*** Listed entries ***

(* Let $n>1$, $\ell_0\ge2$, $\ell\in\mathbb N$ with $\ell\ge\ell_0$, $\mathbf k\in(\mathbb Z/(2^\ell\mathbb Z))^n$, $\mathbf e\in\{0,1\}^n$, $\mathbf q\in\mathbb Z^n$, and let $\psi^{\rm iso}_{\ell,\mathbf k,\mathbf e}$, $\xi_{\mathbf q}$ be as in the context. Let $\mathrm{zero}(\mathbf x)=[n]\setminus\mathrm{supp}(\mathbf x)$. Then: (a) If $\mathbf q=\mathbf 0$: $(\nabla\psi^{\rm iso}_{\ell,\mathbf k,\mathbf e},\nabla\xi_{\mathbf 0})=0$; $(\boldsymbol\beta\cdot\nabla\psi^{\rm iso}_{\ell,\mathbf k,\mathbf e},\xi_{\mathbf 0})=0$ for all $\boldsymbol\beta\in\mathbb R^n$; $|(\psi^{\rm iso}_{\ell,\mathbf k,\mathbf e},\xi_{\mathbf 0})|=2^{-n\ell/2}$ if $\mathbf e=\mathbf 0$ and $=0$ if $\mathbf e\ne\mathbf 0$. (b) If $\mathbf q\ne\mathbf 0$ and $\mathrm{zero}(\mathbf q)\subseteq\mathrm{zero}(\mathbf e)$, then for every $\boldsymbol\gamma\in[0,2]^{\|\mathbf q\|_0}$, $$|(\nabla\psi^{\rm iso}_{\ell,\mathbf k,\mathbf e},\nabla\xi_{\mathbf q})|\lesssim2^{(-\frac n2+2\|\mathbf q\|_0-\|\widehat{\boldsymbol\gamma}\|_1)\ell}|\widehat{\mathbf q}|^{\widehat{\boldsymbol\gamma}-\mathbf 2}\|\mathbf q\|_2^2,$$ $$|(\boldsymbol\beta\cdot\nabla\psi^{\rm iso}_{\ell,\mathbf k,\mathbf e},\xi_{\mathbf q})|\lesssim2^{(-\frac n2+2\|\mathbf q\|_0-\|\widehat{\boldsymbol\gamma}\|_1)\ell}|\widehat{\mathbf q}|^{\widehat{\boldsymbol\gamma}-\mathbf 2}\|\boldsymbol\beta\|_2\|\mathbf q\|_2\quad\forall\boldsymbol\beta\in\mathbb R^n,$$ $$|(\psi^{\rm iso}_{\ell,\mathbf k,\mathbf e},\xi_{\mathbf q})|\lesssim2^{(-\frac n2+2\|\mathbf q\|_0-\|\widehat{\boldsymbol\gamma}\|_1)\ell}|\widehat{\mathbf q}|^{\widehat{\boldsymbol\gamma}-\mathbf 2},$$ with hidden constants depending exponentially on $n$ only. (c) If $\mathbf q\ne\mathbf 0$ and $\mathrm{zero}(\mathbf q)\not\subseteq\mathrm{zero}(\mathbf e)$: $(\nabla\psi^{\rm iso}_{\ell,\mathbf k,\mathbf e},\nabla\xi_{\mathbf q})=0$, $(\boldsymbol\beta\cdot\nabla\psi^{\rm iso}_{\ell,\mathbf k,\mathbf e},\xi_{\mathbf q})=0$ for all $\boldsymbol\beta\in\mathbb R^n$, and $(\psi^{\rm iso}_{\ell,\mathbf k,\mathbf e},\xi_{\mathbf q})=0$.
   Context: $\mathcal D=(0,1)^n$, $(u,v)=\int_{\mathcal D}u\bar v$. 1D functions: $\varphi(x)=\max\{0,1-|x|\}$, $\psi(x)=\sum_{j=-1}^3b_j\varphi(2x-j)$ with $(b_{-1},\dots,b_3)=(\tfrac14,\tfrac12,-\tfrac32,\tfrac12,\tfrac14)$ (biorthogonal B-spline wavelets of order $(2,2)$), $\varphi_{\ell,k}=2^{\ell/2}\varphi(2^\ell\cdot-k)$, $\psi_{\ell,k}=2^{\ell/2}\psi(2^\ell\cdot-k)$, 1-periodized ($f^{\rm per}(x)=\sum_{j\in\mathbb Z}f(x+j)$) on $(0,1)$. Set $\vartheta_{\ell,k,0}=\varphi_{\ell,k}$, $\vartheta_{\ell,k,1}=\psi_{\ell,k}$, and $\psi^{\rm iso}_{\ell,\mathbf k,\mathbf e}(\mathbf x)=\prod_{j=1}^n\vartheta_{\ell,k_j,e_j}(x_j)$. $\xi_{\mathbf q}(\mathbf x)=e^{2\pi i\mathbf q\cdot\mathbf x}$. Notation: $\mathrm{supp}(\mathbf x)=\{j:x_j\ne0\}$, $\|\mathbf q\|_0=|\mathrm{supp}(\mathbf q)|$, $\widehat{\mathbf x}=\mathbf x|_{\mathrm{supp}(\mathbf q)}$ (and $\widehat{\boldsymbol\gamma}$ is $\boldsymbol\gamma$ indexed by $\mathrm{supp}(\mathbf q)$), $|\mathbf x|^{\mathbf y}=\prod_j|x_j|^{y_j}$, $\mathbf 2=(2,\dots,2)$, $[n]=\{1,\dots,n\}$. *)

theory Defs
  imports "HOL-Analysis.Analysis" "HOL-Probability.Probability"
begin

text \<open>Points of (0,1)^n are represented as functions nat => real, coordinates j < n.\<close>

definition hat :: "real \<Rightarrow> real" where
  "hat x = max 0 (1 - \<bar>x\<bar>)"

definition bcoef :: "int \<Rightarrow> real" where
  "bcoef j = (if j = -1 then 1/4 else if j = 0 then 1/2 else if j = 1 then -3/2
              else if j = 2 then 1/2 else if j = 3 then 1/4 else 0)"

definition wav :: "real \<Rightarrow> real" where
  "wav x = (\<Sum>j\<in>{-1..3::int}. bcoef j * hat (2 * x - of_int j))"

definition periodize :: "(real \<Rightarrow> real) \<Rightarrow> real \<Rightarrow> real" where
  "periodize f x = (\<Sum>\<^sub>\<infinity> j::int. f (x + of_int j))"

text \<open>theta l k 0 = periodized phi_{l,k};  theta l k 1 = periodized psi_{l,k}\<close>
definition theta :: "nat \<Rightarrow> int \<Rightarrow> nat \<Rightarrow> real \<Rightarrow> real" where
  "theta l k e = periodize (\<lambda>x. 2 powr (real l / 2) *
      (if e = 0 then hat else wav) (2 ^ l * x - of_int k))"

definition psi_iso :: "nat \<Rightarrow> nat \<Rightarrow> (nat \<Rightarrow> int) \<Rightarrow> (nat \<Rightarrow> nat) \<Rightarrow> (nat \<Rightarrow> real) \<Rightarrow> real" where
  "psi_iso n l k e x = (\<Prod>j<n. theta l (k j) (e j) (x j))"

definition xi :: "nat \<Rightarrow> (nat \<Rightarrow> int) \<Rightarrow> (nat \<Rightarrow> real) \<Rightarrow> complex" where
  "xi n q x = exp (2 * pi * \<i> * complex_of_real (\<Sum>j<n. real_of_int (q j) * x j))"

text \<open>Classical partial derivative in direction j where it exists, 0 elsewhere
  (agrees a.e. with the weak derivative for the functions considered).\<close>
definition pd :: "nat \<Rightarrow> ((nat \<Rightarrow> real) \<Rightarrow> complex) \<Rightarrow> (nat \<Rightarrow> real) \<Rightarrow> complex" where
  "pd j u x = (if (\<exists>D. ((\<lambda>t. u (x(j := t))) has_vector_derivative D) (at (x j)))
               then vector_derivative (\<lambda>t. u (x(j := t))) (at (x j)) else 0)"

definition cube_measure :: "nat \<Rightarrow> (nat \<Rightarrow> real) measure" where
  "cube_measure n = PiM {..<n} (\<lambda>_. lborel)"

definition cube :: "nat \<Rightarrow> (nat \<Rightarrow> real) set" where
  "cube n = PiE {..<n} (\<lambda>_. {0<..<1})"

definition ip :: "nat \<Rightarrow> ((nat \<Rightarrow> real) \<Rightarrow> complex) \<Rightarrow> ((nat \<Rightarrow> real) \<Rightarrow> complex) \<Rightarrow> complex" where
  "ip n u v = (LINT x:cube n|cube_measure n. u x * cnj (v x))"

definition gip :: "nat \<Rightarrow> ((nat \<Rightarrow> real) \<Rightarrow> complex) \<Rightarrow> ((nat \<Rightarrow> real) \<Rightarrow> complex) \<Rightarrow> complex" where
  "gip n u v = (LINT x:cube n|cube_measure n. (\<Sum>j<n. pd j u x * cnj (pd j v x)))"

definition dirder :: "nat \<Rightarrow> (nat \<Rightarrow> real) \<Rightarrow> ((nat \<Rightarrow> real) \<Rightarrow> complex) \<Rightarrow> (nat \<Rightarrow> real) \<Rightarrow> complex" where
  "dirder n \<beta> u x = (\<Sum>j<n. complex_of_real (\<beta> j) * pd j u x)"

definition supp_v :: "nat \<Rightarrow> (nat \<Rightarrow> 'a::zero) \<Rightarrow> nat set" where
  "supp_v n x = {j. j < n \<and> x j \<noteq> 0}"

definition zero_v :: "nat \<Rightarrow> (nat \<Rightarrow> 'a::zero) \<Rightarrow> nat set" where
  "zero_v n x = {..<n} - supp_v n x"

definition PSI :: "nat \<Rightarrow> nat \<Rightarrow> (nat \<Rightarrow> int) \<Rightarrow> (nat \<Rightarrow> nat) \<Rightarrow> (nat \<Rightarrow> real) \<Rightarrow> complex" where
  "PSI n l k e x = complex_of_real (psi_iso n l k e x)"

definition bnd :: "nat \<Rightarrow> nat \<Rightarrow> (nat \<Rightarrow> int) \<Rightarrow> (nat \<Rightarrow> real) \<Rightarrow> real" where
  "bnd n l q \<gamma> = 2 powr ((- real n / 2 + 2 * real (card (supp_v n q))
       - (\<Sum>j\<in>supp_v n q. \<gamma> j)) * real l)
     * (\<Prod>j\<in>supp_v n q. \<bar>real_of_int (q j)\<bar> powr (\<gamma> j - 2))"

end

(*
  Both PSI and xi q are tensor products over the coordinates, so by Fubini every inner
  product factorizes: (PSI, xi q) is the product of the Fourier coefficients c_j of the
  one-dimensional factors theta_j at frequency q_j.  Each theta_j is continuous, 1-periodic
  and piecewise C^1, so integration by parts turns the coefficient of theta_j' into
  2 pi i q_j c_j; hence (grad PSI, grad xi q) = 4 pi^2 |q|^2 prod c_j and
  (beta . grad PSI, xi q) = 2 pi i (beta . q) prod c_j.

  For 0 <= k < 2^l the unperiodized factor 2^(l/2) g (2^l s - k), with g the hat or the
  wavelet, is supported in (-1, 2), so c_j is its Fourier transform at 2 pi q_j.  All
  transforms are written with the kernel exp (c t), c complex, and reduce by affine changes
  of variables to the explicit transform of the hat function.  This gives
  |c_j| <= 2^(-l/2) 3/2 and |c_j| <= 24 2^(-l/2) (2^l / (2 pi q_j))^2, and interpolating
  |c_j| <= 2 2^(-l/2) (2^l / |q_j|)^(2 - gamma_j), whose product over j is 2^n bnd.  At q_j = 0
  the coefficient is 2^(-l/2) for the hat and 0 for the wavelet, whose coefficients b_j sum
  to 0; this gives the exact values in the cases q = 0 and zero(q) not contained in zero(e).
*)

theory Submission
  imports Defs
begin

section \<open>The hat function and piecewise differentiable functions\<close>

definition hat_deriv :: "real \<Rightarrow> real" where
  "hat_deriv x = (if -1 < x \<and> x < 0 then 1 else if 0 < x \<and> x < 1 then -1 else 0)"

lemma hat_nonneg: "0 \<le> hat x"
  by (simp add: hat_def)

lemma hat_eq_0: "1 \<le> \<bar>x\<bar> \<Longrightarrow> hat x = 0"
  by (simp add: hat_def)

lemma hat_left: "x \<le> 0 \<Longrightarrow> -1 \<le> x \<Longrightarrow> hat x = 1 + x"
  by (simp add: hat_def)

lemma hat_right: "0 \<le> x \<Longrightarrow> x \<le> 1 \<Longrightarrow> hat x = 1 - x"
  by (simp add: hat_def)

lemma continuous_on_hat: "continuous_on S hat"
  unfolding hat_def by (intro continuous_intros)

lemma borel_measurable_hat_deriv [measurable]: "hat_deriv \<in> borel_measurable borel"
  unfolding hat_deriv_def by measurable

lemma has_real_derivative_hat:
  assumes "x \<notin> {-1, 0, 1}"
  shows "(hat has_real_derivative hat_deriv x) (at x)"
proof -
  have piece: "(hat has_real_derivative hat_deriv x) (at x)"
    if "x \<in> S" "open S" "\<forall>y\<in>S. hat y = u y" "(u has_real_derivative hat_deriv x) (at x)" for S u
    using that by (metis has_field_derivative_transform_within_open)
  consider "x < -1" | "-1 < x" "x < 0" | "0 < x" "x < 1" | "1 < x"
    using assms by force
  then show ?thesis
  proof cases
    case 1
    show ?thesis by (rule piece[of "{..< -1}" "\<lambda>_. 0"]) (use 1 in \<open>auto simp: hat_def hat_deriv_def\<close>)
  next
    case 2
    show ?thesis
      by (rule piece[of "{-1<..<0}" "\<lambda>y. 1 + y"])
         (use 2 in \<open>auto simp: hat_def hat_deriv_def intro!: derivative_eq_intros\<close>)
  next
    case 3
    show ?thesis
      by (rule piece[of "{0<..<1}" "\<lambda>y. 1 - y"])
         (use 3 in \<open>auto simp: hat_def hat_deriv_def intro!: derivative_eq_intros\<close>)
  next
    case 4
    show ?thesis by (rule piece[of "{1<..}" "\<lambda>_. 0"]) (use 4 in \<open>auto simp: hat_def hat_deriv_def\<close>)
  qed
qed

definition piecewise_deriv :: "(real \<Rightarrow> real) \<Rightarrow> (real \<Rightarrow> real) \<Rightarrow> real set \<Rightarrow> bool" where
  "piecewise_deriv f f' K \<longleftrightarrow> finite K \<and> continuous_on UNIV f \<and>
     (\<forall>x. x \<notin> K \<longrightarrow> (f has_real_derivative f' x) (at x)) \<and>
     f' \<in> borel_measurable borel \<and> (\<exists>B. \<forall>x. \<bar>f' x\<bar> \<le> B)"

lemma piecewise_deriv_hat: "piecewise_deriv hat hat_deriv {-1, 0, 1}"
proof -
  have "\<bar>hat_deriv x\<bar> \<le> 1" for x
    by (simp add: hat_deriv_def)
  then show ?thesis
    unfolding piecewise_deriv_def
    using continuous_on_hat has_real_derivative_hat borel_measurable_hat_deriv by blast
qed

*** End of Listed entries ***
*** Listed entries ***

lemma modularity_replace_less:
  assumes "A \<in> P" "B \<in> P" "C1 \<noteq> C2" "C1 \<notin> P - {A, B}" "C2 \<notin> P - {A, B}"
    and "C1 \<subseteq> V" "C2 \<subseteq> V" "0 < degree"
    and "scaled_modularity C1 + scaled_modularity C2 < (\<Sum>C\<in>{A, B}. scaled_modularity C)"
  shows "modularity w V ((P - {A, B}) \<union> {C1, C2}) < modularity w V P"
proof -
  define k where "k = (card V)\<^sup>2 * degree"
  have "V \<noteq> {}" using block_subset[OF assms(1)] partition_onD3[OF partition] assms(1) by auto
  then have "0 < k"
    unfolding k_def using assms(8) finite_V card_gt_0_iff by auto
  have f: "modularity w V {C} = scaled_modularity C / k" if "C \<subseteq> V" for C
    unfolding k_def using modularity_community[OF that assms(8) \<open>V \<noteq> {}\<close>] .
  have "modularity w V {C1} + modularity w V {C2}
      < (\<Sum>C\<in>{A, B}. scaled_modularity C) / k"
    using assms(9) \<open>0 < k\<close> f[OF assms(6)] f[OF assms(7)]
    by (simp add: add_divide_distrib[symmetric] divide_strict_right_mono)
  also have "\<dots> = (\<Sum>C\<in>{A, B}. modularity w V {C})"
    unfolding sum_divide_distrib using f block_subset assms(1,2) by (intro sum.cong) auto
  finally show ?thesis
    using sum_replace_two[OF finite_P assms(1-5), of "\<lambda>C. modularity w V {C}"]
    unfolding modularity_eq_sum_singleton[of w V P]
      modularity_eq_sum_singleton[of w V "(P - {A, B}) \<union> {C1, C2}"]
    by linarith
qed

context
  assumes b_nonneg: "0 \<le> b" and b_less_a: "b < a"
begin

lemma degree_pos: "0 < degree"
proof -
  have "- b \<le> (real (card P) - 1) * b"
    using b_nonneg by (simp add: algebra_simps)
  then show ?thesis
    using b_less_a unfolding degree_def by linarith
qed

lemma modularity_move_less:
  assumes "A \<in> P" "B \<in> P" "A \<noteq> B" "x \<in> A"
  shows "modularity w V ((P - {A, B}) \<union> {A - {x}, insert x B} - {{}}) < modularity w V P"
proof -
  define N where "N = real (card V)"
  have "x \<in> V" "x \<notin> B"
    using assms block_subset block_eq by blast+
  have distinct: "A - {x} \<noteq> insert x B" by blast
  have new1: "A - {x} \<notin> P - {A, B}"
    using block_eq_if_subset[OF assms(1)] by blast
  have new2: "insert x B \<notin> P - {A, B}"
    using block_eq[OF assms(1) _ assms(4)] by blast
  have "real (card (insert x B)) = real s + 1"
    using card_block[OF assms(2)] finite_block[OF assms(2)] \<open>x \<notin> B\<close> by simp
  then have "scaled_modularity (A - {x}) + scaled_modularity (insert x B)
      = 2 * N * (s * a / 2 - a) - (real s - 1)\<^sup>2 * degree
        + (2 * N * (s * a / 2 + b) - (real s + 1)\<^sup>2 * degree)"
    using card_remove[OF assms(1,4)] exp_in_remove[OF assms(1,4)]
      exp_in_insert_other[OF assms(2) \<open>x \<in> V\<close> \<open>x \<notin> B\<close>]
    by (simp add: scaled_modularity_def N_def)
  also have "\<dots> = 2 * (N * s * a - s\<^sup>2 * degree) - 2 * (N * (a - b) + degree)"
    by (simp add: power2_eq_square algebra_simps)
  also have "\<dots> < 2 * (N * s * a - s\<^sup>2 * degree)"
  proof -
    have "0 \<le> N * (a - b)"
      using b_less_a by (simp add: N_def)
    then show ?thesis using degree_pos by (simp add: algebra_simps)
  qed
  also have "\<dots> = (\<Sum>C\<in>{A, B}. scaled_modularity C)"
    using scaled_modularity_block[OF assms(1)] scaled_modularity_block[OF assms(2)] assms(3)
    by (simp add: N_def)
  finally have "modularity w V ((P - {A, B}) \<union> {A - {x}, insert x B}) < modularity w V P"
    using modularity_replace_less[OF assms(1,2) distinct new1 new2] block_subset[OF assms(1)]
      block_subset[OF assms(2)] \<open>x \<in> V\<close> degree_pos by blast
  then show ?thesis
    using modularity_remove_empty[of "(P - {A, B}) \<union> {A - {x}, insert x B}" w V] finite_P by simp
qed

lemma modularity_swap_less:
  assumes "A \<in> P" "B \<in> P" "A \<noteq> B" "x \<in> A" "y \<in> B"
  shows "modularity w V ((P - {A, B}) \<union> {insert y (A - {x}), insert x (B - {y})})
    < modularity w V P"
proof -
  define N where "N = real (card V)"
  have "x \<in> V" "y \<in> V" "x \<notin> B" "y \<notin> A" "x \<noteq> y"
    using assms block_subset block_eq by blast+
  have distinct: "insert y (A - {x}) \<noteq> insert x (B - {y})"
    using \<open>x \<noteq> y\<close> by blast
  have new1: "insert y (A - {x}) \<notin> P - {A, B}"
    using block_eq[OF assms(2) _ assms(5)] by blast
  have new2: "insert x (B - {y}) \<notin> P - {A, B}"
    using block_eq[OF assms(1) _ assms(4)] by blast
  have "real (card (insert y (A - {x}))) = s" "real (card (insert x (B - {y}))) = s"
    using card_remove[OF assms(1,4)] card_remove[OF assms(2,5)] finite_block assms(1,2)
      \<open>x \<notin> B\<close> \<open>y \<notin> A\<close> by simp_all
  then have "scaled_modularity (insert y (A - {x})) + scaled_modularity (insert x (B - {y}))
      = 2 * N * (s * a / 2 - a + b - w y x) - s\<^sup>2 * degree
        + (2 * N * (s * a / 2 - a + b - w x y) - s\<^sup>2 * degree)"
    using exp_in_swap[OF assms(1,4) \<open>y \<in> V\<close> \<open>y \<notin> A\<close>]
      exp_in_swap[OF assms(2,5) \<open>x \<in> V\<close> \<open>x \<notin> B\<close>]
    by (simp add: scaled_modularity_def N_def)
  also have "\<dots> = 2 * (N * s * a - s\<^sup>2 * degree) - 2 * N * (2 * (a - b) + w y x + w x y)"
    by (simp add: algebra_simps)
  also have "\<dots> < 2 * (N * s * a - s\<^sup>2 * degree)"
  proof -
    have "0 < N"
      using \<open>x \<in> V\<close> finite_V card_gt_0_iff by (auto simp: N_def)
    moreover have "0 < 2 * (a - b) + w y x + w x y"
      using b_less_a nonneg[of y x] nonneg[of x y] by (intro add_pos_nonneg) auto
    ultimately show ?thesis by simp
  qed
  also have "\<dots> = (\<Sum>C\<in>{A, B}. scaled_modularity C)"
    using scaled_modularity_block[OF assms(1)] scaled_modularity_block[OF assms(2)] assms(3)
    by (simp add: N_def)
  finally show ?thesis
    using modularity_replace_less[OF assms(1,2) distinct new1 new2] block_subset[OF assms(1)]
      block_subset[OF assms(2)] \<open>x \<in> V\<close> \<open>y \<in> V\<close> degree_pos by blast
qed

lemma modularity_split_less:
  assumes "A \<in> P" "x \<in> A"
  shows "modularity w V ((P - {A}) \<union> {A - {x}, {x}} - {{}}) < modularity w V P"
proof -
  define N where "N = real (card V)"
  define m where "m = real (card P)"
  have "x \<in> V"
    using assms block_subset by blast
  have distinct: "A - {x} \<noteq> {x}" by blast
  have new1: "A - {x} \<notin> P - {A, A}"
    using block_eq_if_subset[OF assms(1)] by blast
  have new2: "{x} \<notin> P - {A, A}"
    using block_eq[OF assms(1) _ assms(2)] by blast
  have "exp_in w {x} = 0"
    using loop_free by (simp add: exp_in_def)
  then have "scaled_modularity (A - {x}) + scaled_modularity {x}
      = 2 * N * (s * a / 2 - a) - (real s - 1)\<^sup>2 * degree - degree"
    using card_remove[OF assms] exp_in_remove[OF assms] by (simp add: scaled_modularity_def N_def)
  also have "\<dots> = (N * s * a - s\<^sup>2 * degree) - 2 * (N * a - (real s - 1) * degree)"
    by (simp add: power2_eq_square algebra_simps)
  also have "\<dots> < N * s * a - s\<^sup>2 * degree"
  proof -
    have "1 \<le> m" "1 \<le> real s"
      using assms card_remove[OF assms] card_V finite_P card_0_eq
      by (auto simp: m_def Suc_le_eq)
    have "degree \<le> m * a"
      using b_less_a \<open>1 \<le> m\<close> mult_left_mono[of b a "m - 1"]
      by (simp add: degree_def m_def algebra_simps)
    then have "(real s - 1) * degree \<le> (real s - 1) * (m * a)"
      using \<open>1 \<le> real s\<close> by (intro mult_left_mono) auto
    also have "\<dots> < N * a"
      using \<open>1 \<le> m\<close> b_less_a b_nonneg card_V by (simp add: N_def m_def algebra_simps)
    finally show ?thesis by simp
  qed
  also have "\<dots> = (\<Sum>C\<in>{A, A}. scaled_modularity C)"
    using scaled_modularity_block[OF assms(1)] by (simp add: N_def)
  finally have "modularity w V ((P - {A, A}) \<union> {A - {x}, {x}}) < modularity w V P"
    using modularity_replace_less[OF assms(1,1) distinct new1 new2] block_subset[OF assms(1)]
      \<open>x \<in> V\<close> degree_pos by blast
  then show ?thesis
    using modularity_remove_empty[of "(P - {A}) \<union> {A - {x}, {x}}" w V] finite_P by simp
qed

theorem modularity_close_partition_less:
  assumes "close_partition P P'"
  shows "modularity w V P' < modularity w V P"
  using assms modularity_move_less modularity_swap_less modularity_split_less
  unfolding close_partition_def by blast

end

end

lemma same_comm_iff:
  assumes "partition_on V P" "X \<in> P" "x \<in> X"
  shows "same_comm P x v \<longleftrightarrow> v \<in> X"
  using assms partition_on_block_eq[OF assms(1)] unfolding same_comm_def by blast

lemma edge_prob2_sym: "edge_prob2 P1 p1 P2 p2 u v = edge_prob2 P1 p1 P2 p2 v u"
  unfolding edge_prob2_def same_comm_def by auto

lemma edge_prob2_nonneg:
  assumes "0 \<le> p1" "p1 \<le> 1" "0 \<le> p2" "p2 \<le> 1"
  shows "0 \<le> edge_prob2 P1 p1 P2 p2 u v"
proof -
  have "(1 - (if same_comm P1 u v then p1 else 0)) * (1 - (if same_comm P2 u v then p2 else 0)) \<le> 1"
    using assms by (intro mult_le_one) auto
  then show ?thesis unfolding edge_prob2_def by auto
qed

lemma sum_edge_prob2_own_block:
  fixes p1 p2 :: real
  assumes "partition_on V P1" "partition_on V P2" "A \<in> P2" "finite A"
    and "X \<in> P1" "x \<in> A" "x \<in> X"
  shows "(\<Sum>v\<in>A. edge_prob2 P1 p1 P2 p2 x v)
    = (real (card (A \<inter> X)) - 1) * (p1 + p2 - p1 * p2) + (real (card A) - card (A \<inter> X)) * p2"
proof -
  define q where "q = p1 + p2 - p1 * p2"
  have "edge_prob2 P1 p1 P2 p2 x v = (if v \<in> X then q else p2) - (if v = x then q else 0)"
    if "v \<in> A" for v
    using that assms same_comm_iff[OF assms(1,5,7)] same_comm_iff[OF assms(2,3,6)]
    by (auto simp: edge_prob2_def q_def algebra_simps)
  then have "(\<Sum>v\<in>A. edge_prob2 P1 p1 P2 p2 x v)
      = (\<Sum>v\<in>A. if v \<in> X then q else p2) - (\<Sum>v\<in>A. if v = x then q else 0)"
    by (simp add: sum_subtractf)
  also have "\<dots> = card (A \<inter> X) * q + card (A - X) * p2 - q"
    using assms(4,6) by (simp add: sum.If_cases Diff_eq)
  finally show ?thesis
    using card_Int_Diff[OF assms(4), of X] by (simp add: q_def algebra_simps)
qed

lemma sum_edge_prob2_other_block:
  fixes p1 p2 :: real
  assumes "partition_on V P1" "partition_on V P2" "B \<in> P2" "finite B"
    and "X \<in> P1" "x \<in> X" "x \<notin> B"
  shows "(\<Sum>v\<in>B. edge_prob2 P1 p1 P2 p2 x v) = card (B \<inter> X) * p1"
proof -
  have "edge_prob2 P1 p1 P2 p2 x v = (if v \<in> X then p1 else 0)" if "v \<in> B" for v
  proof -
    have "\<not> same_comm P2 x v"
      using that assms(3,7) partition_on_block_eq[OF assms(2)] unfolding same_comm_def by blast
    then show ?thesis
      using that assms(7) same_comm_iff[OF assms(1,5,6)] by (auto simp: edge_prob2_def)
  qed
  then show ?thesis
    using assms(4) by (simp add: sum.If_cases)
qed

*** End of Listed entries ***

Task – Everything from the line containing "int \<Rightarrow> nat" through the line containing "(if e = 0 then" in the material above should be retyped exactly, both ends included, and nothing more.

Exercise solution –
definition theta :: "nat \<Rightarrow> int \<Rightarrow> nat \<Rightarrow> real \<Rightarrow> real" where
  "theta l k e = periodize (\<lambda>x. 2 powr (real l / 2) *
      (if e = 0 then hat else wav) (2 ^ l * x - of_int k))"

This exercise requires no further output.